Penangkapan Kabareskrim kepada Bambang dianggap sewenang-wenang karena dilakukan secara paksa dan tidak professional. Namun pasalnya Bambang merupakan seseorang yang tidak memiliki catatan buruk seperti menentang petugas maupun tindak perkara kriminal lainnya. Penangkapan pun dilakukan ketika Bambang sedang mengantar sekolah anaknya. Hal tersebut yang akhirnya memicu amarah masyarakat sehingga akhirnya terjadi aksi demonstrasi di beberapa kota di Indonesia, salah satunya Yogyakarta. Dalam aksi ini beberapa orator juga menyatakan kekecewaannya terhadap Presiden Jokowi yang dianggap tidak berpihak pada KPK sesuai janji yang disampaikan pada saat kampanye.
Ngadiyono (61) warga Yogyakarta sekaligus salah seorang orator menyatakan keprihatinannya terhadap kasus yang menimpa BW. Ngadiyono juga menyatakan bahwa ia tidak berpihak pada KPK maupun Kabareskrim. Baginya, yang salah harus dituntut, Ngadiyono beranggapan bahwa kasus ini merupakan aksi balas dendam atas penangkapan Komisaris Jenderal Budi Gunawan yang sebelumnya ditetapkan sebagai tersangka korupsi oleh KPK. “Itu jelas balas dendam karena Pak Bambang belum lama menentukan tersangka BG dan akhirnya ganti itu, padahal masalahnya udah lama,” tukas Ngadiyono. Ngadiyono juga menambahkan bahwa Bambang masih berstatus sebagai terduga sebagai tersangka dan kecewa atas penangkapan Bambang yang diniliainya tidak manusiawi. “Dengan cara yang tidak manusiawi sepertitu, justru rakyat yang tidak rela. Semua akan protes, seluruh Indonesia nggak mungkin mendiamkan” tambahnya.

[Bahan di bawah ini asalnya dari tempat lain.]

(* Let $0=t_0<\dots<t_N=T$, $\tau_k=t_k-t_{k-1}$, $r_k=\tau_k/\tau_{k-1}$ ($2\le k\le N$), with all $r_k>0$. Let $u(x,t)$ satisfy $\|\partial_t^ku(\cdot,t)\|\le\bar Ct^{\alpha-k}$ for $t\in(0,T]$, $k=1,2,3$, with $\bar C>0$ and $\frac12\le\alpha\le1$. Define the truncation error $\eta^n:=\mathcal D_2u(\cdot,t_n)-\partial_tu(\cdot,t_n)$, where $\mathcal D_2v^n=\sum_{k=1}^nb^{(n)}_{n-k}(v^k-v^{k-1})$ (so $\mathcal D_2v^1=(v^1-v^0)/\tau_1$ and, for $n\ge2$, $\mathcal D_2v^n=\frac{1+2r_n}{\tau_n(1+r_n)}(v^n-v^{n-1})-\frac{r_n^2}{\tau_n(1+r_n)}(v^{n-1}-v^{n-2})$). Then $$\|\eta^j\|\le2\bar C\tau_j^2t_{j-1}^{\alpha-3}+\tfrac12\bar C\tau_{j-1}^2t_{j-2}^{\alpha-3},\ j\ge3;\qquad \|\eta^2\|\le\big(2r_2^2+1/(2\alpha)\big)\bar C\tau_1^{\alpha-1};\qquad \|\eta^1\|\le\frac{\bar C}{\alpha}\tau_1^{\alpha-1}.$$
   Context: BDF2 kernels: $b^{(1)}_0=1/\tau_1$; for $n\ge2$, $b^{(n)}_0=\frac{1+2r_n}{\tau_n(1+r_n)}$, $b^{(n)}_1=-\frac{r_n^2}{\tau_n(1+r_n)}$, $b^{(n)}_j=0$ for $j\ge2$. In the paper $\|\cdot\|$ is the discrete $L^2$ norm over interior spatial grid points, $\|v\|=(\sum_{i=1}^{M-1}hv_i^2)^{1/2}$. *)

theory Defs
  imports "HOL-Analysis.Analysis"
begin

definition dnorm :: "nat \<Rightarrow> real \<Rightarrow> (nat \<Rightarrow> real) \<Rightarrow> real" where
  "dnorm M h v = sqrt (\<Sum>i\<in>{1..M-1}. h * (v i)\<^sup>2)"

definition tau :: "(nat \<Rightarrow> real) \<Rightarrow> nat \<Rightarrow> real" where
  "tau t k = t k - t (k - 1)"

definition ratio :: "(nat \<Rightarrow> real) \<Rightarrow> nat \<Rightarrow> real" where
  "ratio t k = tau t k / tau t (k - 1)"

definition bker :: "(nat \<Rightarrow> real) \<Rightarrow> nat \<Rightarrow> nat \<Rightarrow> real" where
  "bker t n j =
     (if n = 1 then (if j = 0 then 1 / tau t 1 else 0)
      else if j = 0 then (1 + 2 * ratio t n) / (tau t n * (1 + ratio t n))
      else if j = 1 then - ((ratio t n)\<^sup>2 / (tau t n * (1 + ratio t n)))
      else 0)"

definition D2 :: "(nat \<Rightarrow> real) \<Rightarrow> (nat \<Rightarrow> real) \<Rightarrow> nat \<Rightarrow> real" where
  "D2 t v n = (\<Sum>k=1..n. bker t n (n - k) * (v k - v (k - 1)))"

end

theory Submission
  imports Defs
begin

(* The discrete-norm estimate is a scalar one in disguise. For the error vector E,
   dnorm E ^ 2 = <E, E> is the BDF2 truncation error of the scalar function U(s) = <E, u(., s)>,
   and by Cauchy-Schwarz U inherits the bounds |U^(k)(s)| <= dnorm E * Cb * s^(alpha - k);
   a scalar bound dnorm E * Cb * B therefore yields dnorm E <= Cb * B.

   For the scalar bounds: BDF2 differentiates quadratics exactly, so for n >= 3 its error is a
   combination of Taylor remainders at t(n-1), with |U'''| evaluated at the left end of each
   step. Near t = 0 only first-order information is usable: U(s) - U(0) - s U'(s) has
   derivative -s U''(s), of size at most Cb s^(alpha - 1), which gives the case n = 1. For n = 2,
   the part of the error coming from [t1, t2] has Peano kernel a (t2 - s) - 1 of modulus at most 1,
   and the rest is the remainder of the case n = 1. *)

lemma taylor1_bound:
  fixes V V1 V2 :: "real \<Rightarrow> real"
  assumes "p < q" and "continuous_on {p..q} V" "continuous_on {p..q} V1"
    and "\<And>x. p < x \<Longrightarrow> x < q \<Longrightarrow> (V has_real_derivative V1 x) (at x)"
    and "\<And>x. p < x \<Longrightarrow> x < q \<Longrightarrow> (V1 has_real_derivative V2 x) (at x)"
    and "\<And>x. p < x \<Longrightarrow> x < q \<Longrightarrow> \<bar>V2 x\<bar> \<le> B"
  shows "\<bar>V q - V p - (q - p) * V1 p\<bar> \<le> B * (q - p)\<^sup>2 / 2"
proof -
  let ?f = "\<lambda>y. V y + (q - y) * V1 y" and ?g = "\<lambda>y. - B * (q - y)\<^sup>2 / 2"
  have "norm (?f q - ?f p) \<le> ?g q - ?g p"
  proof (rule differentiable_bound_general[OF \<open>p < q\<close>])
    show "continuous_on {p..q} ?f" "continuous_on {p..q} ?g"
      using assms(2,3) by (auto intro!: continuous_intros)
    fix x assume x: "p < x" "x < q"
    show "(?f has_vector_derivative (q - x) * V2 x) (at x)"
      unfolding has_real_derivative_iff_has_vector_derivative[symmetric]
      by (rule derivative_eq_intros assms(4,5)[OF x] refl | simp add: field_simps)+
    show "(?g has_vector_derivative B * (q - x)) (at x)"
      unfolding has_real_derivative_iff_has_vector_derivative[symmetric]
      by (rule derivative_eq_intros refl | simp add: field_simps)+
    show "norm ((q - x) * V2 x) \<le> B * (q - x)"
      using assms(6)[OF x] x by (simp add: abs_mult mult.commute mult_left_mono)
  qed
  then show ?thesis by (simp add: algebra_simps)
qed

Selain itu kekecewaan juga dilontarkan pada aparat kepolisian karena tidak memberikan pelayanan pada masyarakat. Hal tersebut terjadi ketika Polda DIY hanya mengijinkan empat orang demonstran dan beberapa wartawan yang diperbolehkan masuk untuk melakukan mediasi. Haslul Handidari PUKAT UGM yang merupakan salah seorang inisiator aksi menyatakan bahwa Polda DIY berjanji menyampaikan surat pengesahan atas tuntutan yang dilakukan. Tuntutan yang diajukan ialah meminta Wakapolri untuk mengeluarkan perintah pada Kabareskrim agar tidak melakukan penahanan kepada Bambang selama yang bersangkutan diperlukan, meminta Wakapolri untuk melakukan evaluasi mendesak dan segera untuk mengkaji tindakan kriminalisasi kepada Bambang, segera terbitkan surat penghentian penyidikan atas perkara yang disangkakan kepada Bambang, meminta Kapolri untuk menegakkan wibawa Polri, tidak mengadakan penangkapan sewenang-wenang, menghormati harkat dan martabat tersangka terlebih kepada mereka yang dilindungi undang-undang dalam menjalankan tugas profesinya.
Haslul juga menyatakan bahwa ketika ada kasus yang sifatnya korupsi maka PUKAT UGM akan melakukan berbagai kegiatan sebagai bagian penolakan korupsi dan aksi demonstrasi ini akan berlanjut pada 25 Januari di Balairung UGM, namun aksi tersebut berupa pernyataan sikap yang akan disampaikan oleh rektor UGM. (Norma Indah P.)